Working abroad is becoming increasingly important for professionals seeking career advancement, according to a new study by Hydrogen Group, a global specialist in recruitment. Hydrogen's report, Global Professionals on the Move, suggests that worldwide expat job relocations are growing, despite the global financial crisis. However, the positions are now more frequently found in cities less synonymous with expat posts before the financial downturn.

"People now need to go where the revenue is," says Dan Church, client services director at Hydrogen. "Five years ago this might have been New York, London and Hong Kong. Now it is also Shanghai, Houston, Vietnam, and so on."

Tarynn Hatton-Jones has worked in Hong Kong for seven years after stints in Thailand and Botswana. Originally from South Africa, Hatton-Jones says she fell in love with Hong Kong when she first arrived to take up an international banking post.

Three years after arriving, she made a career change, and became her own boss. She bought a majority share in an organic textile and hospitality business with offices in Wong Chuk Hang, a short walk from the Aberdeen Harbor.

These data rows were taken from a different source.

(* Fix a real number $\beta>-1$ and let $\phi$ be an analytic self-map of $\mathbb{D}$ such that the composition operator $C_\phi f=f\circ\phi$ is complex symmetric on $A^2_\beta$. Then neither $C_\phi$ nor $C_\phi^*$ is hypercyclic.
   Context: $\mathbb{D}$ is the open unit disc. For $\beta>-1$, $A^2_\beta$ is the Hilbert space of analytic functions $f(z)=\sum_{n\ge0}\widehat f(n)z^n$ on $\mathbb{D}$ with inner product $\langle f,g\rangle=\sum_{n\ge0}\frac{n!\,\Gamma(2+\beta)}{\Gamma(n+2+\beta)}\widehat f(n)\overline{\widehat g(n)}$ (equivalently the $L^2$ inner product with respect to $(\beta+1)(1-|z|^2)^\beta dA(z)$). A conjugation is a conjugate-linear map $C$ with $C^2=I$ and $\langle Cf,Cg\rangle=\langle g,f\rangle$; a bounded operator $T$ is complex symmetric if $CT=T^*C$ for some conjugation $C$. An operator $T$ on a Hilbert space $\mathcal H$ is hypercyclic if there is $f\in\mathcal H$ whose orbit $\{T^nf:n\ge0\}$ is dense in $\mathcal H$. *)

theory Defs
  imports "HOL-Analysis.Analysis"
begin

text \<open>Elements of the weighted Bergman space A^2_beta are represented by their
Taylor coefficient sequences f(z) = sum_n a n * z^n.\<close>

definition A2_weight :: "real \<Rightarrow> nat \<Rightarrow> real" where
  "A2_weight \<beta> n = fact n * Gamma (2 + \<beta>) / Gamma (real n + 2 + \<beta>)"

definition A2 :: "real \<Rightarrow> (nat \<Rightarrow> complex) set" where
  "A2 \<beta> = {a. summable (\<lambda>n. A2_weight \<beta> n * (cmod (a n))\<^sup>2)}"

definition A2_inner :: "real \<Rightarrow> (nat \<Rightarrow> complex) \<Rightarrow> (nat \<Rightarrow> complex) \<Rightarrow> complex" where
  "A2_inner \<beta> a b = (\<Sum>n. complex_of_real (A2_weight \<beta> n) * a n * cnj (b n))"

definition A2_norm :: "real \<Rightarrow> (nat \<Rightarrow> complex) \<Rightarrow> real" where
  "A2_norm \<beta> a = sqrt (\<Sum>n. A2_weight \<beta> n * (cmod (a n))\<^sup>2)"

definition as_fun :: "(nat \<Rightarrow> complex) \<Rightarrow> complex \<Rightarrow> complex" where
  "as_fun a z = (\<Sum>n. a n * z ^ n)"

definition taylor_coeffs :: "(complex \<Rightarrow> complex) \<Rightarrow> nat \<Rightarrow> complex" where
  "taylor_coeffs f n = (deriv ^^ n) f 0 / fact n"

definition comp_op :: "(complex \<Rightarrow> complex) \<Rightarrow> (nat \<Rightarrow> complex) \<Rightarrow> (nat \<Rightarrow> complex)" where
  "comp_op \<phi> a = taylor_coeffs (\<lambda>z. as_fun a (\<phi> z))"

definition A2_adjoint :: "real \<Rightarrow> ((nat \<Rightarrow> complex) \<Rightarrow> (nat \<Rightarrow> complex)) \<Rightarrow> (nat \<Rightarrow> complex) \<Rightarrow> (nat \<Rightarrow> complex)" where
  "A2_adjoint \<beta> T f = (THE h. h \<in> A2 \<beta> \<and> (\<forall>g\<in>A2 \<beta>. A2_inner \<beta> h g = A2_inner \<beta> f (T g)))"

definition A2_conjugation :: "real \<Rightarrow> ((nat \<Rightarrow> complex) \<Rightarrow> (nat \<Rightarrow> complex)) \<Rightarrow> bool" where
  "A2_conjugation \<beta> C \<longleftrightarrow>
     (\<forall>f\<in>A2 \<beta>. C f \<in> A2 \<beta>) \<and>
     (\<forall>f\<in>A2 \<beta>. \<forall>g\<in>A2 \<beta>. C (\<lambda>n. f n + g n) = (\<lambda>n. C f n + C g n)) \<and>
     (\<forall>c. \<forall>f\<in>A2 \<beta>. C (\<lambda>n. c * f n) = (\<lambda>n. cnj c * C f n)) \<and>
     (\<forall>f\<in>A2 \<beta>. C (C f) = f) \<and>
     (\<forall>f\<in>A2 \<beta>. \<forall>g\<in>A2 \<beta>. A2_inner \<beta> (C f) (C g) = A2_inner \<beta> g f)"

definition A2_complex_symmetric :: "real \<Rightarrow> ((nat \<Rightarrow> complex) \<Rightarrow> (nat \<Rightarrow> complex)) \<Rightarrow> bool" where
  "A2_complex_symmetric \<beta> T \<longleftrightarrow>
     (\<exists>C. A2_conjugation \<beta> C \<and> (\<forall>f\<in>A2 \<beta>. C (T f) = A2_adjoint \<beta> T (C f)))"

definition A2_hypercyclic :: "real \<Rightarrow> ((nat \<Rightarrow> complex) \<Rightarrow> (nat \<Rightarrow> complex)) \<Rightarrow> bool" where
  "A2_hypercyclic \<beta> T \<longleftrightarrow>
     (\<exists>f\<in>A2 \<beta>. \<forall>g\<in>A2 \<beta>. \<forall>e>0. \<exists>n. A2_norm \<beta> (\<lambda>k. (T ^^ n) f k - g k) < e)"

end

theory Submission
  imports Defs "HOL-Complex_Analysis.Complex_Analysis"
begin

text \<open>
  C_\<phi> fixes the constant function 1, so complex symmetry C C_\<phi> = C_\<phi>^* C makes x = C 1 a
  nonzero fixed vector of C_\<phi>^*, i.e. the functional g \<mapsto> \<langle>x, g\<rangle> is invariant under C_\<phi>.
  Along an orbit this functional is constant, so the orbit keeps distance at least \<parallel>x\<parallel> from
  f + x and C_\<phi> is not hypercyclic; since C is an antilinear isometry intertwining C_\<phi> and
  C_\<phi>^*, neither is C_\<phi>^*. The analytic input is that C_\<phi> maps A^2_beta into itself, by
  Littlewood subordination on circles, a Schwarz-Pick estimate, and integration against the
  density (1 - s)^beta, whose moments are the weights of A^2_beta.
\<close>

section \<open>Integrals over circles\<close>

definition cis2pi :: "real \<Rightarrow> complex" where
  "cis2pi t = exp (2 * of_real pi * \<i> * of_real t)"

lemma norm_cis2pi [simp]: "norm (cis2pi t) = 1"
  unfolding cis2pi_def by (simp add: norm_exp_eq_Re)

lemma cis2pi_nonzero [simp]: "cis2pi t \<noteq> 0"
  unfolding cis2pi_def by simp

lemma cis2pi_mult_cnj [simp]: "cis2pi t * cnj (cis2pi t) = 1" "cnj (cis2pi t) * cis2pi t = 1"
  using complex_norm_square[of "cis2pi t"] by (simp_all add: mult.commute)
(* Let $\chi$ and $\tau$ be fixed positive integers. For each $n$ let $G$ be an $n$-vertex graph and $\Sigma\subseteq V(G)$ with $|\Sigma|=n-o(n)$, such that for every pair of vertices $u,v\in\Sigma$ there is a $(u,v)$-path $u=u_0,u_1,\dots,u_{l-1},u_l=v$ with $l\le\chi$ and $\min\{\deg(u_i),\deg(u_{i+1})\}\le\tau$ for every $0\le i\le l-1$. If a uniformly random vertex of $G$ knows a rumor, then with probability $1-o(1)$ after $6\tau(\chi+\log n)$ rounds of the Push-Pull protocol at least $n-o(n)$ vertices know the rumor.
   Context: Push-Pull protocol: in synchronous rounds, every informed vertex contacts a uniformly random neighbor and sends it the rumor, and every uninformed vertex contacts a uniformly random neighbor and receives the rumor if that neighbor knows it; all random choices are independent, and a vertex informed in a round cannot forward the rumor in that same round. *)

theory Defs
  imports "HOL-Probability.Probability" "HOL-Library.Landau_Symbols"
begin

definition is_graph :: "nat \<Rightarrow> (nat \<Rightarrow> nat \<Rightarrow> bool) \<Rightarrow> bool" where
  "is_graph n E \<longleftrightarrow> (\<forall>u v. E u v \<longrightarrow> u < n \<and> v < n \<and> u \<noteq> v \<and> E v u)"

definition nbrs :: "nat \<Rightarrow> (nat \<Rightarrow> nat \<Rightarrow> bool) \<Rightarrow> nat \<Rightarrow> nat set" where
  "nbrs n E v = {u. u < n \<and> E v u}"

definition deg :: "nat \<Rightarrow> (nat \<Rightarrow> nat \<Rightarrow> bool) \<Rightarrow> nat \<Rightarrow> nat" where
  "deg n E v = card (nbrs n E v)"

text \<open>A (u,v)-path u = p!0, ..., p!l = v of length l = length p - 1.\<close>
definition is_path :: "(nat \<Rightarrow> nat \<Rightarrow> bool) \<Rightarrow> nat list \<Rightarrow> nat \<Rightarrow> nat \<Rightarrow> bool" where
  "is_path E p u v \<longleftrightarrow> p \<noteq> [] \<and> hd p = u \<and> last p = v \<and> distinct p \<and>
     (\<forall>i. Suc i < length p \<longrightarrow> E (p ! i) (p ! Suc i))"

definition contact :: "nat \<Rightarrow> (nat \<Rightarrow> nat \<Rightarrow> bool) \<Rightarrow> nat \<Rightarrow> nat option pmf" where
  "contact n E v = (if nbrs n E v = {} then return_pmf None
                    else map_pmf Some (pmf_of_set (nbrs n E v)))"

text \<open>One synchronous Push-Pull round from informed set I. Transmission uses only the
  informed set at the start of the round.\<close>
definition pp_update :: "nat \<Rightarrow> nat set \<Rightarrow> (nat \<Rightarrow> nat option) \<Rightarrow> nat set" where
  "pp_update n I c = I
     \<union> {v. v < n \<and> v \<notin> I \<and> (\<exists>u. c v = Some u \<and> u \<in> I)}
     \<union> {u. \<exists>v\<in>I. c v = Some u}"

definition pp_round :: "nat \<Rightarrow> (nat \<Rightarrow> nat \<Rightarrow> bool) \<Rightarrow> nat set \<Rightarrow> nat set pmf" where
  "pp_round n E I = map_pmf (pp_update n I) (Pi_pmf {0..<n} None (contact n E))"

fun pp_rounds :: "nat \<Rightarrow> (nat \<Rightarrow> nat \<Rightarrow> bool) \<Rightarrow> nat \<Rightarrow> nat set \<Rightarrow> nat set pmf" where
  "pp_rounds n E 0 I = return_pmf I"
| "pp_rounds n E (Suc k) I = bind_pmf (pp_rounds n E k I) (pp_round n E)"

definition pp_from_random :: "nat \<Rightarrow> (nat \<Rightarrow> nat \<Rightarrow> bool) \<Rightarrow> nat \<Rightarrow> nat set pmf" where
  "pp_from_random n E k = bind_pmf (pmf_of_set {0..<n}) (\<lambda>s. pp_rounds n E k {s})"

end

theory Submission imports Defs begin

text \<open>Along an edge with an endpoint of degree at most tau the rumour crosses in each round with
  probability at least 1/tau. Splitting the T rounds into chi blocks of m = T div chi rounds, one
  block per edge of a short path, a union bound shows that a vertex of Sigma stays uninformed from
  a source in Sigma with probability at most eps = chi (1 - 1/tau)^m, and m tends to infinity since
  T grows like log n. By Markov's inequality, except with probability sqrt eps at most n sqrt eps
  vertices of Sigma stay uninformed; and the source lies in Sigma with probability |Sigma|/n,
  which tends to 1.\<close>

lemma measure_pmf_prob_bind_pmf:
  "measure_pmf.prob (bind_pmf M N) X = measure_pmf.expectation M (\<lambda>x. measure_pmf.prob (N x) X)"
  unfolding measure_pmf_bind
  by (rule measure_pmf.measure_bind[where N="count_space UNIV"])
     (auto simp: space_subprob_algebra measure_pmf.subprob_space_axioms)
lemma Fbar_negate_iff [simp]: "negate f \<in> Fbar \<longleftrightarrow> f \<in> Fbar"
proof -
  have "negate f \<in> Fbar" if "f \<in> Fbar" for f
  proof (rule Fbar_I)
    show "hom_IR (negate f)" using that by (intro hom_IR_negate Fbar_hom_IR)
  next
    fix r s :: rat assume "r < s"
    then have "- s < - r" by simp
    then show "snd (negate f) s \<subseteq> coS_pc (fst (negate f) r)"
      and "fst (negate f) r \<subseteq> coS_pc (snd (negate f) s)"
      using Fbar_snd_subset_coS_pc[OF that] Fbar_fst_subset_coS_pc[OF that] by simp_all
  qed
  from this[of f] this[of "negate f"] show ?thesis by auto
qed

lemma Fle_negate_iff [simp]: "Fle (negate f) (negate g) \<longleftrightarrow> Fle g f"
  unfolding Fle_iff
  by (simp add: all_rat_uminus_iff[of "\<lambda>r. snd g r \<subseteq> snd f r"]
      all_rat_uminus_iff[of "\<lambda>r. fst f r \<subseteq> fst g r"] conj_commute)

lemma Ball_Fbar_negate: "(\<forall>k\<in>Fbar. P k) \<longleftrightarrow> (\<forall>k\<in>Fbar. P (negate k))"
proof
  assume P: "\<forall>k\<in>Fbar. P (negate k)"
  show "\<forall>k\<in>Fbar. P k"
  proof
    fix k :: "'a rfun" assume "k \<in> Fbar"
    then have "negate k \<in> Fbar" by simp
    with P have "P (negate (negate k))" by (rule bspec)
    then show "P k" by simp
  qed
qed simp

lemma is_Fjoin_negate_iff: "is_Fjoin (negate f) (negate g) (negate h) \<longleftrightarrow> is_Fmeet f g h"
  unfolding is_Fjoin_def is_Fmeet_def
  by (subst Ball_Fbar_negate[where P = "\<lambda>k. Fle (negate f) k \<and> Fle (negate g) k \<longrightarrow> Fle (negate h) k"])
    simp

lemma is_Fmeet_negate_iff: "is_Fmeet (negate f) (negate g) (negate h) \<longleftrightarrow> is_Fjoin f g h"
  using is_Fjoin_negate_iff[of "negate f" "negate g" "negate h"] by simp

lemma Freal_negate_iff [simp]: "negate f \<in> Freal \<longleftrightarrow> f \<in> Freal"
proof -
  have "(\<forall>g\<in>Fbar. (is_Fjoin (negate f) g plus_inf \<longrightarrow> g = plus_inf) \<and>
        (is_Fmeet (negate f) g minus_inf \<longrightarrow> g = minus_inf)) \<longleftrightarrow>
      (\<forall>g\<in>Fbar. (is_Fjoin (negate f) (negate g) plus_inf \<longrightarrow> negate g = plus_inf) \<and>
        (is_Fmeet (negate f) (negate g) minus_inf \<longrightarrow> negate g = minus_inf))"
    by (rule Ball_Fbar_negate)
  also have "\<dots> \<longleftrightarrow> (\<forall>g\<in>Fbar. (is_Fmeet f g minus_inf \<longrightarrow> g = minus_inf) \<and>
        (is_Fjoin f g plus_inf \<longrightarrow> g = plus_inf))"
    using is_Fjoin_negate_iff[of f _ minus_inf, simplified]
      is_Fmeet_negate_iff[of f _ plus_inf, simplified]
    by simp
  finally show ?thesis unfolding Freal_def by auto
qed

lemma negate_mem_LSC_iff [simp]: "negate f \<in> LSC \<longleftrightarrow> f \<in> USC"
  unfolding LSC_def USC_def
  by (simp add: all_rat_uminus_iff[of "\<lambda>r. is_closed_sub (snd f r)"] range_rat_uminus)

lemma negate_mem_LSCbar_iff [simp]: "negate f \<in> LSCbar \<longleftrightarrow> f \<in> USCbar"
  unfolding LSCbar_def USCbar_def
  by (simp add: all_rat_uminus_iff[of "\<lambda>r. is_closed_sub (snd f r)"])

definition pointwise_sup :: "'a::complete_lattice rfun \<Rightarrow> 'a rfun \<Rightarrow> 'a rfun" where
  "pointwise_sup f g = (\<lambda>r. fst f r \<inter> fst g r, \<lambda>s. sublocale_hull (snd f s \<union> snd g s))"

definition pointwise_inf :: "'a::complete_lattice rfun \<Rightarrow> 'a rfun \<Rightarrow> 'a rfun" where
  "pointwise_inf f g = (\<lambda>r. sublocale_hull (fst f r \<union> fst g r), \<lambda>s. snd f s \<inter> snd g s)"

lemma fst_pointwise_sup [simp]: "fst (pointwise_sup f g) r = fst f r \<inter> fst g r"
  and snd_pointwise_sup [simp]: "snd (pointwise_sup f g) s = sublocale_hull (snd f s \<union> snd g s)"
  and fst_pointwise_inf [simp]: "fst (pointwise_inf f g) r = sublocale_hull (fst f r \<union> fst g r)"
  and snd_pointwise_inf [simp]: "snd (pointwise_inf f g) s = snd f s \<inter> snd g s"
  unfolding pointwise_sup_def pointwise_inf_def by simp_all
(* Let $k\ge 1$ and $d\ge 1$. For each $x \in \mathbb{R}^d$ let $a_x$ be a convolution product of $k$ bump functions on $\mathbb{R}^d$, and assume that $(x,y)\mapsto a_x(y)$ is measurable and belongs to $L^\infty(\mathrm{d}x; L^1(\mathrm{d}y))$. Define, for $f\in L^2(\mathbb{R}^d)\cap L^1(\mathbb{R}^d)$, $$Tf(\xi)=\int_{\mathbb{R}^d} \widehat{a}_x(\xi)\, e^{2\pi i x \cdot \xi}\, f(x)\, \mathrm{d} x .$$ Then there is a constant $C$ depending only on $k$ and $d$ such that $\|Tf\|_{L^2(\mathbb{R}^d)}\le C \|f\|_{L^2(\mathbb{R}^d)}$ for all such $f$.
   Context: A measurable function $a$ on $\mathbb{R}^d$ is called a bump function if there exists an axis-parallel rectangle $R$ centered at the origin with $|a|\le |R|^{-1}1_R$ pointwise. $\widehat{a}_x$ denotes the Fourier transform of $a_x$. *)

theory Defs
  imports "HOL-Analysis.Analysis"
begin

definition bump :: "('a::euclidean_space \<Rightarrow> complex) \<Rightarrow> bool" where
  "bump b \<longleftrightarrow> b \<in> borel_measurable lebesgue \<and>
     (\<exists>v::'a. (\<forall>i\<in>Basis. 0 < v \<bullet> i) \<and>
        (\<forall>y. norm (b y) \<le> indicator (cbox (-v) v) y / measure lebesgue (cbox (-v) v)))"

definition conv :: "('a::euclidean_space \<Rightarrow> complex) \<Rightarrow> ('a \<Rightarrow> complex) \<Rightarrow> 'a \<Rightarrow> complex" where
  "conv f g = (\<lambda>y. LINT z|lebesgue. f (y - z) * g z)"

fun conv_prod :: "('a::euclidean_space \<Rightarrow> complex) list \<Rightarrow> 'a \<Rightarrow> complex" where
  "conv_prod [] = (\<lambda>_. 0)"
| "conv_prod [b] = b"
| "conv_prod (b # c # bs) = conv b (conv_prod (c # bs))"

definition fourier :: "('a::euclidean_space \<Rightarrow> complex) \<Rightarrow> 'a \<Rightarrow> complex" where
  "fourier f = (\<lambda>\<xi>. LINT y|lebesgue. f y * cis (- 2 * pi * (y \<bullet> \<xi>)))"

definition opT :: "('a::euclidean_space \<Rightarrow> 'a \<Rightarrow> complex) \<Rightarrow> ('a \<Rightarrow> complex) \<Rightarrow> 'a \<Rightarrow> complex" where
  "opT a f = (\<lambda>\<xi>. LINT x|lebesgue. fourier (a x) \<xi> * cis (2 * pi * (x \<bullet> \<xi>)) * f x)"

end

theory Submission
  imports Defs "HOL-Probability.Probability"
begin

"From a business perspective, Hong Kong makes it really easy," she says. "You can set up a business in six hours, at least registration. Also, there are a massive amount of resources and so many accountants who know the rules and are easy to work with, and the Immigration Department is really fantastic. They make it really easy."

Although Hong Kong is no longer the textiles hub it once was, Hatton-Jones says she would not want her companies located elsewhere. Hong Kong had emerged as one of the world's most important textile hubs in the mid-20th century. By the 1960s, it led all of Asia. Most local textile companies had relocated, with the rest of Hong Kong's heavy industry, to the mainland after the reform and opening-up in the 1970s.

Her business partners at her two companies - Burnt Oringe (specializing in organic bedding) and Hatton Jones (selling sustainable products for the hospitality industry) - have done business in Hong Kong for more than 20 years.

Today the companies import from the mainland to create custom-designed product lines for Hong Kong market and also re-export internationally. She says Hong Kong's international population provides strong demand for her organic textile products, while many locals, accustomed to high-quality linens, remain a relatively untapped market.

"It makes total sense for us to be here," Hatton-Jones says. "If you look at Asia, Hong Kong is the best place to be in terms of taxes ... People are well educated and hardworking. There is an abundance of expertise that you can obviously tap into, and we're also close to the Chinese mainland. The mainland is where all the factories are."

She also relishes the multiculturalism of the city, feeling truly integrated into the fabric of daily life. She's planning to learn Cantonese, while her daughter is studying Mandarin at school.

"Thailand is heavily expat, and you live a life in a bubble," she says, reflecting on her previous foreign job posts. "You have real life, and then you have the expat environment, where you're living in these big places and everyone has a driver. I don't think you can compare (expat life in Bangkok) at all with that of most expats in Hong Kong. Here, you're living within the culture."